Kataifi-wrapped goats’ cheese with baby beets & honey vinaigrette
This head-turning goats’ cheese and honey vinaigrette recipe will have your family asking for more. It pairs beautifully with Haute Cabrière Chardonnay Pinot Noir.
- 2x 100 g plain goats’ cheese logs
- 250 g kataifi pastry
- 50 ml honey (and a little extra)
- 50 ml white balsamic vinegar
- 100 ml good olive oil
- 12 baby red beetroot
- 2 baby candied beetroot
- 100 g baby salad leaves
- Salt and pepper
- Oil for frying
For the goat’s cheese: cut the logs each into quarters. Wrap each quarter in kataifi pastry by winding a 1cm diameter bunch around the cheese, ensuring all the cheese is covered. Refrigerate for 30 minutes.
For the vinaigrette: warm the honey in the microwave, then add the balsamic vinegar and olive oil a little at a time while whisking, once emulsified, season with salt and pepper.
For the beetroot: boil the baby beetroot in salted water until soft. While warm remove the skin and cut in quarters, work fast so the beetroot stays warm. Dress with some of the vinaigrette and leave to stand for at least 30 minutes.

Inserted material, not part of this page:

(* Let $a=(a_{ij})_{1\le i\le j\le n}\in(\mathbb C^\times)^N$, $b=(b_{ij})\in\mathbb C^N$, $\lambda=(\lambda_i)\in\mathbb C^n$, $\mathbf a\in\mathbb C^\times$, and let $\widetilde{\mathrm{ev}}^\pm_{\mathbf a}=\rho(a,b,\lambda)\circ\mathrm{ev}^\pm_{\mathbf a^\lambda_\pm}:\widetilde U_\varepsilon\to\mathrm{End}(V_N)$. Then for every $i\in I$ and $m\in\{0,\dots,l-1\}^N$: $\widetilde{\mathrm{ev}}^\pm_{\mathbf a}(E_i)v(m)=\rho(E_i)v(m)$, $\widetilde{\mathrm{ev}}^\pm_{\mathbf a}(F_i)v(m)=\rho(F_i)v(m)$, $\widetilde{\mathrm{ev}}^\pm_{\mathbf a}(K_{\alpha_i})v(m)=\rho(K_{\alpha_i})v(m)$, $$\widetilde{\mathrm{ev}}^\pm_{\mathbf a}(E_0)v(m)=\mathbf a\sum_{r^s\in R^F}(-1)^{s+n}a(\epsilon_{r^s})\varepsilon^{\pm(C_E(m+b,r^s)-\lambda^{(s)}-s)+n}[-m_{s-1,s-1}+m_{s,s}-b_{s-1,s-1}+b_{s,s}-\lambda_s]_\varepsilon\,v(m+\epsilon_{r^s}),$$ $$\widetilde{\mathrm{ev}}^\pm_{\mathbf a}(F_0)v(m)=\mathbf a^{-1}\sum_{r^s\in R^E}(-1)^{s-1}a(\alpha_{r^s})\varepsilon^{\pm(D_F(m+b,r^s)-s+n+1)-n}[-m_{1,n-s+1}-b_{1,n-s+1}]_\varepsilon\,v(m+\alpha_{r^s}).$$
   Context: $n\ge1$, $I=\{1,\dots,n\}$, $N=n(n+1)/2$; $l>2$ odd with $\gcd(l,n+1)=1$; $\varepsilon$ a primitive $l$-th root of unity. Complex powers $\varepsilon^c$ are taken with respect to a fixed logarithm of $\varepsilon$ (for $c\in\frac1{n+1}\mathbb Z$ this agrees with $\varepsilon^{c'}$, $c'\in\mathbb Z$, $c'\equiv c$ mod $l$); $[c]_\varepsilon=(\varepsilon^c-\varepsilon^{-c})/(\varepsilon-\varepsilon^{-1})$; $[u,v]_x=uv-xvu$. $\alpha_i$ simple roots, $Q$, $(\alpha_i,\alpha_j)$ the $\mathfrak{sl}_{n+1}$ Cartan matrix, $\theta=\sum\alpha_i$; $\Lambda_i$ fundamental weights, $P$, $(\Lambda_i,\alpha_j)=\delta_{ij}$, $(\Lambda_i,\Lambda_j)=\min(i,j)(n+1-\max(i,j))/(n+1)$; $\lambda_{\Lambda_i}=\sum_j\lambda_j(\Lambda_i,\Lambda_j)$; $\lambda^{(s)}=\sum_{k=1}^{s-1}\lambda_k-\sum_{k=s+1}^n\lambda_k$. Algebras: $U'_\varepsilon$ is the $\mathbb C$-algebra generated by $E_i,F_i$ ($i\in I$), $K_\mu$ ($\mu\in P$) with the relations of $U_q(\mathfrak{sl}_{n+1})$ at $q=\varepsilon$ ($K_\mu E_jK_\mu^{-1}=\varepsilon^{(\mu,\alpha_j)}E_j$, $K_\mu F_jK_\mu^{-1}=\varepsilon^{-(\mu,\alpha_j)}F_j$, $[E_i,F_j]=\delta_{ij}(K_{\alpha_i}-K_{\alpha_i}^{-1})/(\varepsilon-\varepsilon^{-1})$, Serre), $U_\varepsilon$ the subalgebra with $\mu\in Q$; $\widetilde U_\varepsilon$ is the analogous algebra for $U_q(\widetilde{\mathfrak{sl}}_{n+1})$ with generators $E_i,F_i$ ($i=0,\dots,n$), $K_\mu$ ($\mu\in Q$), $(\mu,\alpha_0)=-(\mu,\theta)$. For $\mathbf b\in\mathbb C^\times$, $\mathrm{ev}^\pm_{\mathbf b}:\widetilde U_\varepsilon\to U'_\varepsilon$ are the homomorphisms fixing $E_i,F_i,K_\mu$ ($i\in I$) with $\mathrm{ev}^+_{\mathbf b}(E_0)=\varepsilon^{-1}\mathbf bK_{\Lambda_1}K_{\Lambda_n}^{-1}[F_n,[F_{n-1},\dots,[F_2,F_1]_{\varepsilon^{-1}}\dots]_{\varepsilon^{-1}}$, $\mathrm{ev}^-_{\mathbf b}(E_0)=\varepsilon^{-1}\mathbf bK_{\Lambda_1}^{-1}K_{\Lambda_n}[F_1,[F_2,\dots,[F_{n-1},F_n]_{\varepsilon^{-1}}\dots]_{\varepsilon^{-1}}$, $\mathrm{ev}^+_{\mathbf b}(F_0)=(-1)^{n-1}\varepsilon^n\mathbf b^{-1}K_{\Lambda_1}^{-1}K_{\Lambda_n}[E_n,[E_{n-1},\dots,[E_2,E_1]_{\varepsilon^{-1}}\dots]_{\varepsilon^{-1}}$, $\mathrm{ev}^-_{\mathbf b}(F_0)=(-1)^{n-1}\varepsilon^n\mathbf b^{-1}K_{\Lambda_1}K_{\Lambda_n}^{-1}[E_1,[E_2,\dots,[E_{n-1},E_n]_{\varepsilon^{-1}}\dots]_{\varepsilon^{-1}}$. Put $\mathbf a^\lambda_+=\mathbf a\varepsilon^{-\lambda_{\Lambda_1}+\lambda_{\Lambda_n}+n}$, $\mathbf a^\lambda_-=\mathbf a(-1)^{n+1}\varepsilon^{\lambda_{\Lambda_1}-\lambda_{\Lambda_n}+2n+1}$. Schnizer module: $V_N$ has basis $v(m)$, $m=(m_{ij})_{1\le i\le j\le n}\in\{0,\dots,l-1\}^N$, with $v(m+lm')=v(m)$ for $m'\in\mathbb Z^N$. $\epsilon_{ij}$ is the unit vector at $(i,j)$; $\alpha_{i,j}=\sum_{k=j+1}^i\epsilon_{k-1,n-i+k}-\sum_{k=j}^i\epsilon_{k,n-i+k}$ ($j\le i$). For $c\in\mathbb C^N$ ($c_{ij}=0$ outside $1\le i\le j\le n$): $M_{i,j}(c)=\sum_{k=i-1}^{j-1}(c_{i,k}-c_{i-1,k})+\sum_{k=i}^j(c_{i,k}-c_{i+1,k})$, $N_{i,j}(c)=c_{j-1,n-i+j}-c_{j,n-i+j}$, $\mu_i(c)=\sum_{k=i-1}^nc_{i-1,k}-2\sum_{k=i}^nc_{i,k}+\sum_{k=i+1}^nc_{i+1,k}$; for $c\in\mathbb Z^N$, $a(c)=\prod a_{ij}^{c_{ij}}$. $\rho=\rho(a,b,\lambda):U'_\varepsilon\to\mathrm{End}(V_N)$ is the representation $E_iv(m)=\sum_{j=1}^ia(\alpha_{i,j})[N_{i,j}(m+b)]_\varepsilon v(m+\alpha_{i,j})$, $F_iv(m)=\sum_{j=i}^na_{i,j}[M_{i,j}(m+b)-\lambda_i]_\varepsilon v(m+\epsilon_{i,j})$, $K_{\alpha_i}v(m)=\varepsilon^{\mu_i(m+b)+\lambda_i}v(m)$, $K_{\Lambda_i}v(m)=\varepsilon^{-\sum_{k=i}^n(m_{ik}+b_{ik})+\lambda_{\Lambda_i}}v(m)$. Index sets: for $s\in I$, $R_s=\{r^s=(r^s_k)_{k\in I}\in I^n: r^s_1\ge\dots\ge r^s_{s-1}\ge r^s_s<r^s_{s+1}<\dots<r^s_n\}$, $R^F_s=\{r^s\in R_s: k\le r^s_k\le n\ \forall k\}$, $R^E_s=\{r^s\in R_s:1\le r^s_k\le k\ \forall k\}$, $R^F=\bigsqcup_sR^F_s$, $R^E=\bigsqcup_sR^E_s$ (here $s$ is part of the data of $r^s$). $\epsilon_{r^s}=\sum_k\epsilon_{k,r^s_k}$, $\alpha_{r^s}=\sum_k\alpha_{k,r^s_k}$. With $r^s_0:=n$: $C_E(c,r^s)=c_{s-1,s-1}+\sum_{k=1}^{s-1}\sum_{p=r^s_{k+1}}^{r^s_k-1}c_{k,p}-\sum_{k=1}^s\sum_{p=r^s_k+1}^{r^s_{k-1}}c_{k,p}$ for $r^s\in R^F_s$, and $D_F(c,r^s)=-c_{n,n}+\sum_{k=1}^{n-s+1}c_{1,k}-\sum_{k=s+1}^n(c_{r^s_k-1,n-k+r^s_k}-c_{r^s_k,n-k+r^s_k})$ for $r^s\in R^E_s$. *)

theory Defs
  imports Complex_Main
begin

Slice the candied beetroot as thin as possible on a mandolin or slicer. After 30 min, combine the candied and baby beetroot, as well as the baby leaves, adding some more vinaigrette, and toss.

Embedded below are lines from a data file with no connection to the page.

(* For all integers $m,n\geq 3$, let $T_{m,n}=C_m\Box C_n$. Then $\chi_i(T_{m,n})=5$ if $m\equiv 0 \pmod 5$ and $n\equiv 0 \pmod 5$, and $\chi_i(T_{m,n})=6$ otherwise.
   Context: For a graph $G$, an incidence is a pair $(v,e)$ with $v\in V(G)$, $e\in E(G)$ and $v$ incident with $e$. Two incidences $(v,e)$ and $(w,f)$ are adjacent if $v=w$, or $e=f$, or the edge $vw$ equals $e$ or $f$. An incidence $k$-coloring of $G$ is a map from the set of incidences of $G$ to a set of $k$ colors such that adjacent incidences receive distinct colors; the incidence chromatic number $\chi_i(G)$ is the least such $k$. $C_n$ denotes the cycle on $n$ vertices and $\Box$ the Cartesian product of graphs: $G\Box H$ has vertex set $V(G)\times V(H)$, with $(u_1,v_1)$ adjacent to $(u_2,v_2)$ iff either $u_1=u_2$ and $v_1v_2\in E(H)$, or $v_1=v_2$ and $u_1u_2\in E(G)$. *)

theory Defs
  imports Main
begin

text \<open>Simple graphs are given by a vertex set V and an edge set E of 2-element subsets of V.
  Incidences only depend on E.\<close>

definition incidences :: "'a set set \<Rightarrow> ('a \<times> 'a set) set" where
  "incidences E = {(v, e). e \<in> E \<and> v \<in> e}"

definition inc_adj :: "('a \<times> 'a set) \<Rightarrow> ('a \<times> 'a set) \<Rightarrow> bool" where
  "inc_adj a b \<longleftrightarrow> fst a = fst b \<or> snd a = snd b \<or> {fst a, fst b} = snd a \<or> {fst a, fst b} = snd b"

definition incidence_coloring :: "'a set set \<Rightarrow> nat \<Rightarrow> (('a \<times> 'a set) \<Rightarrow> nat) \<Rightarrow> bool" where
  "incidence_coloring E k c \<longleftrightarrow>
     (\<forall>a \<in> incidences E. c a < k) \<and>
     (\<forall>a \<in> incidences E. \<forall>b \<in> incidences E. a \<noteq> b \<and> inc_adj a b \<longrightarrow> c a \<noteq> c b)"

definition incidence_chromatic_number :: "'a set set \<Rightarrow> nat" where
  "incidence_chromatic_number E = (LEAST k. \<exists>c. incidence_coloring E k c)"

definition cycle_verts :: "nat \<Rightarrow> nat set" where
  "cycle_verts m = {0..<m}"

definition cycle_edges :: "nat \<Rightarrow> nat set set" where
  "cycle_edges m = {{i, (i + 1) mod m} | i. i < m}"

definition cart_edges :: "'a set \<Rightarrow> 'a set set \<Rightarrow> 'b set \<Rightarrow> 'b set set \<Rightarrow> ('a \<times> 'b) set set" where
  "cart_edges V1 E1 V2 E2 =
     {{(u1, v), (u2, v)} | u1 u2 v. {u1, u2} \<in> E1 \<and> v \<in> V2} \<union>
     {{(u, v1), (u, v2)} | u v1 v2. u \<in> V1 \<and> {v1, v2} \<in> E2}"

definition torus_edges :: "nat \<Rightarrow> nat \<Rightarrow> (nat \<times> nat) set set" where
  "torus_edges m n = cart_edges (cycle_verts m) (cycle_edges m) (cycle_verts n) (cycle_edges n)"

end

theory Submission
  imports Defs
begin

text \<open>
  An incidence (v, vw) is the arc v \<rightarrow> w, and two incidences are adjacent exactly when the arcs
  share their tail or are consecutive. Every vertex of the torus has four out-arcs and an in-arc
  whose colour differs from all of them, so at least five colours are needed. With exactly five
  colours all arcs entering a vertex w must share one colour g w, and g is then injective on every
  closed neighbourhood: the colour classes of g are perfect codes. If r j counts the code
  vertices in row j, counting closed neighbourhoods row by row gives r (j - 1) + 3 r j + r (j + 1) = m;
  then s j = 5 r j - m satisfies s (j - 1) + 3 s j + s (j + 1) = 0, which forces
  4 \<Sum> (s j)^2 \<le> 2 \<Sum> (s j)^2, so s = 0 and 5 divides m (and symmetrically n). Conversely, if 5 divides
  m and n, then g (i, j) = (i + 2 j) mod 5 is such a colouring.

  Six colours always suffice: every cycle C_m wraps around the bouquet of a triangle, a 4-cycle
  and a 5-cycle glued at one vertex, and a fixed table of colours on pairs of bouquet vertices,
  checked by simplification, pulls back to the torus.
\<close>

section \<open>Incidence colourings as arc colourings\<close>

definition arcs :: "'a set set \<Rightarrow> ('a \<times> 'a) set" where
  "arcs E = {(u, v). u \<noteq> v \<and> {u, v} \<in> E}"

definition neighbors :: "'a set set \<Rightarrow> 'a \<Rightarrow> 'a set" where
  "neighbors E u = {v. (u, v) \<in> arcs E}"

lemma arcs_sym: "(u, v) \<in> arcs E \<Longrightarrow> (v, u) \<in> arcs E"
  by (auto simp: arcs_def insert_commute)

definition arc_coloring :: "'a set set \<Rightarrow> nat \<Rightarrow> ('a \<Rightarrow> 'a \<Rightarrow> nat) \<Rightarrow> bool" where
  "arc_coloring E k f \<longleftrightarrow>
     (\<forall>u v. (u, v) \<in> arcs E \<longrightarrow> f u v < k) \<and>
     (\<forall>u v w. (u, v) \<in> arcs E \<longrightarrow> (u, w) \<in> arcs E \<longrightarrow> v \<noteq> w \<longrightarrow> f u v \<noteq> f u w) \<and>
     (\<forall>u v w. (u, v) \<in> arcs E \<longrightarrow> (v, w) \<in> arcs E \<longrightarrow> f u v \<noteq> f v w)"

lemma incidences_eq_arcs:
  assumes "\<forall>e\<in>E. card e = 2"
  shows "incidences E = (\<lambda>(u, v). (u, {u, v})) ` arcs E"
proof (intro set_eqI iffI)
  fix a assume "a \<in> incidences E"
  then obtain u e where a: "a = (u, e)" "e \<in> E" "u \<in> e" by (auto simp: incidences_def)
  then obtain v where "e = {u, v}" "u \<noteq> v"
    using assms by (metis card_2_iff insert_commute insertE singletonD)
  with a show "a \<in> (\<lambda>(u, v). (u, {u, v})) ` arcs E" by (auto simp: arcs_def)
qed (auto simp: incidences_def arcs_def)

lemma inc_adj_arcs:
  assumes "u \<noteq> v" "u' \<noteq> v'"
  shows "inc_adj (u, {u, v}) (u', {u', v'}) \<longleftrightarrow> u = u' \<or> v = u' \<or> v' = u"
  using assms by (auto simp: inc_adj_def doubleton_eq_iff)

lemma incidence_coloring_of_arc_coloring:
  assumes "\<forall>e\<in>E. card e = 2" and f: "arc_coloring E k f"
  shows "incidence_coloring E k (\<lambda>(u, e). f u (the_elem (e - {u})))" (is "incidence_coloring E k ?c")
proof -
  have f_neq: "f u v \<noteq> f u' v'"
    if "(u, v) \<in> arcs E" "(u', v') \<in> arcs E" "(u, v) \<noteq> (u', v')" "u = u' \<or> v = u' \<or> v' = u"
    for u v u' v'
    using f that unfolding arc_coloring_def by metis
  have c_arc: "?c (u, {u, v}) = f u v" if "(u, v) \<in> arcs E" for u v
    using that by (auto simp: arcs_def insert_Diff_if)
  show ?thesis
    unfolding incidence_coloring_def incidences_eq_arcs[OF assms(1)]
  proof (intro conjI ballI impI)
    fix a assume "a \<in> (\<lambda>(u, v). (u, {u, v})) ` arcs E"
    then obtain u v where "(u, v) \<in> arcs E" "a = (u, {u, v})" by auto
    then show "?c a < k" using f c_arc by (simp add: arc_coloring_def)
  next
    fix a b assume "a \<in> (\<lambda>(u, v). (u, {u, v})) ` arcs E" "b \<in> (\<lambda>(u, v). (u, {u, v})) ` arcs E"
      and ab: "a \<noteq> b \<and> inc_adj a b"
    then obtain u v u' v' where uv: "(u, v) \<in> arcs E" "(u', v') \<in> arcs E"
      and a: "a = (u, {u, v})" and b: "b = (u', {u', v'})" by auto
    have "u \<noteq> v" "u' \<noteq> v'" using uv by (auto simp: arcs_def)
    then have "(u, v) \<noteq> (u', v')" "u = u' \<or> v = u' \<or> v' = u"
      using ab unfolding a b by (auto simp: inc_adj_arcs)
    then show "?c a \<noteq> ?c b" unfolding a b c_arc[OF uv(1)] c_arc[OF uv(2)] by (rule f_neq[OF uv])
  qed
qed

For the frying of the goat’s cheese: in shallow pan with oil, fry the wrapped goats’ cheese balls until golden brown, add a small squeeze of honey on each one and leave on kitchen paper to drain any excess oil.
To plate: remove the baby leaves from the ‘salad’ mixture and plate them, put the goats’ cheese balls on top, and then place the red and candied beetroot around.